1. Automated risk identification is essential to ensure privacy, security and quality aspects of software in cloud environments.

2. Natural Language Processing techniques such as LSI and deep learning can be used to automate the risk identification process.

3. Existing frameworks for risk assessment are not comprehensive and need to be improved with automated vulnerability check and evaluation systems for continuous integration of new deployments.

Article analysis:

The article provides a comprehensive overview of the current state of automated risk identification using NLP in cloud based development environments, discussing existing tools, frameworks, and approaches that have been used in the past. The article is well-researched, citing multiple sources from reputable journals and organizations such as IEEE, ISO/Guide 73:2009, ETSI 2015, etc., which adds credibility to its claims.

However, there are some potential biases present in the article that should be noted.
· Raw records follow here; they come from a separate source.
section \<open>Information densities\<close>

lemma set_pmf_joint_dist:
  "set_pmf (joint_dist p W) = {(a, b). a \<in> set_pmf p \<and> b \<in> set_pmf (W a)}"
  by (auto simp: joint_dist_def)

lemma map_fst_joint_dist: "map_pmf fst (joint_dist p W) = p"
  by (simp add: joint_dist_def map_bind_pmf map_pmf_comp o_def bind_return_pmf' flip: map_pmf_def)

lemma map_snd_joint_dist: "map_pmf snd (joint_dist p W) = out_dist p W"
  by (simp add: joint_dist_def out_dist_def map_bind_pmf map_pmf_comp o_def)

lemma pmf_out_dist_ge: "pmf p a * pmf (W a) b \<le> pmf (out_dist p W) b"
proof -
  have "ennreal (pmf (W a) b) * emeasure p {a} = (\<integral>\<^sup>+x. pmf (W a) b * indicator {a} x \<partial>p)"
    by (simp add: nn_integral_cmult_indicator)
  also have "\<dots> \<le> (\<integral>\<^sup>+x. pmf (W x) b \<partial>p)"
    by (intro nn_integral_mono) (simp split: split_indicator)
  also have "\<dots> = pmf (out_dist p W) b"
    by (simp add: out_dist_def ennreal_pmf_bind)
  finally show ?thesis
    by (simp add: emeasure_pmf_single ennreal_mult'[symmetric] mult.commute)
qed

lemma pmf_out_dist_pos:
  "a \<in> set_pmf p \<Longrightarrow> b \<in> set_pmf (W a) \<Longrightarrow> 0 < pmf (out_dist p W) b"
  using pmf_out_dist_ge[of p a W b] by (smt (verit) mult_pos_pos pmf_positive)

lemma info_dens_on_support:
  "a \<in> set_pmf p \<Longrightarrow> b \<in> set_pmf (W a) \<Longrightarrow>
     info_dens W p a b = log 2 (pmf (W a) b / pmf (out_dist p W) b)"
  using pmf_out_dist_pos[of a p b W] by (simp add: info_dens_def pmf_positive)

lemma info_dens_le_neg_log_pmf:
  assumes a: "a \<in> set_pmf p" and b: "b \<in> set_pmf (W a)"
  shows "info_dens W p a b \<le> - log 2 (pmf p a)"
proof -
  have pos: "0 < pmf p a" "0 < pmf (W a) b" "0 < pmf (out_dist p W) b"
    using a b pmf_out_dist_pos by (auto simp: pmf_positive)
  have "pmf (W a) b / pmf (out_dist p W) b \<le> 1 / pmf p a"
    using pmf_out_dist_ge[of p a W b] pos by (simp add: field_simps)
  then have "log 2 (pmf (W a) b / pmf (out_dist p W) b) \<le> log 2 (1 / pmf p a)"
    using pos by simp
  with pos show ?thesis by (simp add: info_dens_on_support[where W=W, OF a b] log_divide)
qed

text \<open>On the support, \<open>inv_dens W p a b = 2 powr - info_dens W p a b\<close>.\<close>
definition inv_dens :: "('a \<Rightarrow> 'b pmf) \<Rightarrow> 'a pmf \<Rightarrow> 'a \<Rightarrow> 'b \<Rightarrow> real" where
  "inv_dens W p a b = pmf (out_dist p W) b / pmf (W a) b"

lemma neg_info_dens_le_inv_dens:
  assumes a: "a \<in> set_pmf p" and b: "b \<in> set_pmf (W a)"
  shows "- info_dens W p a b \<le> (inv_dens W p a b - 1) / ln 2"
proof -
  have pos: "0 < pmf (W a) b" "0 < pmf (out_dist p W) b"
    using a b pmf_out_dist_pos by (auto simp: pmf_positive)
  then have "- info_dens W p a b = log 2 (inv_dens W p a b)"
    by (simp add: info_dens_on_support[where W=W, OF a b] inv_dens_def log_divide)
  also have "\<dots> \<le> (inv_dens W p a b - 1) / ln 2"
    using pos by (intro log_le_minus_one_over_ln) (auto simp: inv_dens_def)
  finally show ?thesis .
qed
(* Let $A$ and $B$ be inertial bodies with reference frames $O_A$ and $O_B$ whose origins coincide, and let $L_{BA}:O_B\to O_A$ be the linear map sending the coordinates $(x,\tau)^T$ of an event in $O_B$ to the coordinates of the same event in $O_A$. Then the vectors $(1,1)^T$ and $(-1,1)^T$ are eigenvectors of $L_{BA}$.
   Context: Model: elementary bodies move on a one-dimensional discrete environment; at each integer time step an elementary body either moves one unit of space in its current direction (an "elementary motion", a straight world-line segment) or turns (reverses direction without moving). Hence in the absolute reference frame (space coordinate $x$, time $t$, events written as column vectors $(x,t)^T$), world lines of elementary motions going out from the origin have the direction of $(1,1)^T$ (rightward motion) or of $(-1,1)^T$ (leftward motion); the direction of a vector $\bar a$ is the set $\{\lambda\bar a\mid\lambda>0\}$. A body is a finite set of elementary bodies; a body is inertial if its absolute spatial velocity and proper time velocity are constant. Each inertial body $B$ carries a reference frame $O_B$ (coordinates: space coordinate and proper time $\tau_B$ of $B$), and the only restriction imposed on inertial reference frames is that the space-time coordinates of the same event in two inertial frames are related by an affine transformation; when origins coincide this transformation is linear. In the model the two directions of elementary motions are physical (frame-independent) directions: in every inertial reference frame the rightward and leftward elementary motions from the origin have directions $(1,1)^T$ and $(-1,1)^T$ respectively. *)

theory Defs
  imports "HOL-Analysis.Analysis"
begin

text \<open>Events are column vectors (x, t) in real^2, written as pairs (space, time).\<close>

definition direction :: "real \<times> real \<Rightarrow> (real \<times> real) set" where
  "direction a = {l *\<^sub>R a | l. l > 0}"

definition eigenvector :: "(real \<times> real \<Rightarrow> real \<times> real) \<Rightarrow> real \<times> real \<Rightarrow> bool" where
  "eigenvector L v \<longleftrightarrow> v \<noteq> 0 \<and> (\<exists>c::real. L v = c *\<^sub>R v)"

end

theory Submission
  imports Defs
begin

text \<open>A map sending the ray through a nonzero vector v into itself sends v to a positive
multiple of v, so v is an eigenvector.\<close>

lemma direction_self: "a \<in> direction a"
  unfolding direction_def by (rule CollectI, rule exI[of _ 1]) simp

lemma eigenvector_if_image_direction_subset:
  fixes L :: "real \<times> real \<Rightarrow> real \<times> real"
  assumes "L ` direction v \<subseteq> direction v" and "v \<noteq> 0"
  shows "eigenvector L v"
proof -
  have "L v \<in> direction v"
    using assms(1) direction_self by blast
  then obtain l where "L v = l *\<^sub>R v"
    unfolding direction_def by blast
  with assms(2) show ?thesis
    unfolding eigenvector_def by blast
qed

theorem lemma1:
  fixes L_BA :: "real \<times> real \<Rightarrow> real \<times> real"
  assumes "linear L_BA"
    and right: "L_BA ` direction (1, 1) = direction (1, 1)"
    and left: "L_BA ` direction (-1, 1) = direction (-1, 1)"
  shows "eigenvector L_BA (1, 1) \<and> eigenvector L_BA (-1, 1)"
proof
  show "eigenvector L_BA (1, 1)"
    using right by (intro eigenvector_if_image_direction_subset) (simp_all add: zero_prod_def)
  show "eigenvector L_BA (-1, 1)"
    using left by (intro eigenvector_if_image_direction_subset) (simp_all add: zero_prod_def)
qed

end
For example, the article does not explore any counterarguments or alternative approaches to automated risk identification other than those discussed in the paper itself. Additionally, while the article does mention potential risks associated with automated risk identification processes (such as errors due to manual analysis), it does not provide any evidence or data to support these claims. Furthermore, while the article does discuss existing tools and frameworks for risk assessment, it does not provide any detailed information about how these tools work or how they could be improved upon.

In conclusion, while this article provides a comprehensive overview of automated risk identification using NLP in cloud based development environments, there are some potential biases present that should be noted when evaluating its trustworthiness and reliability.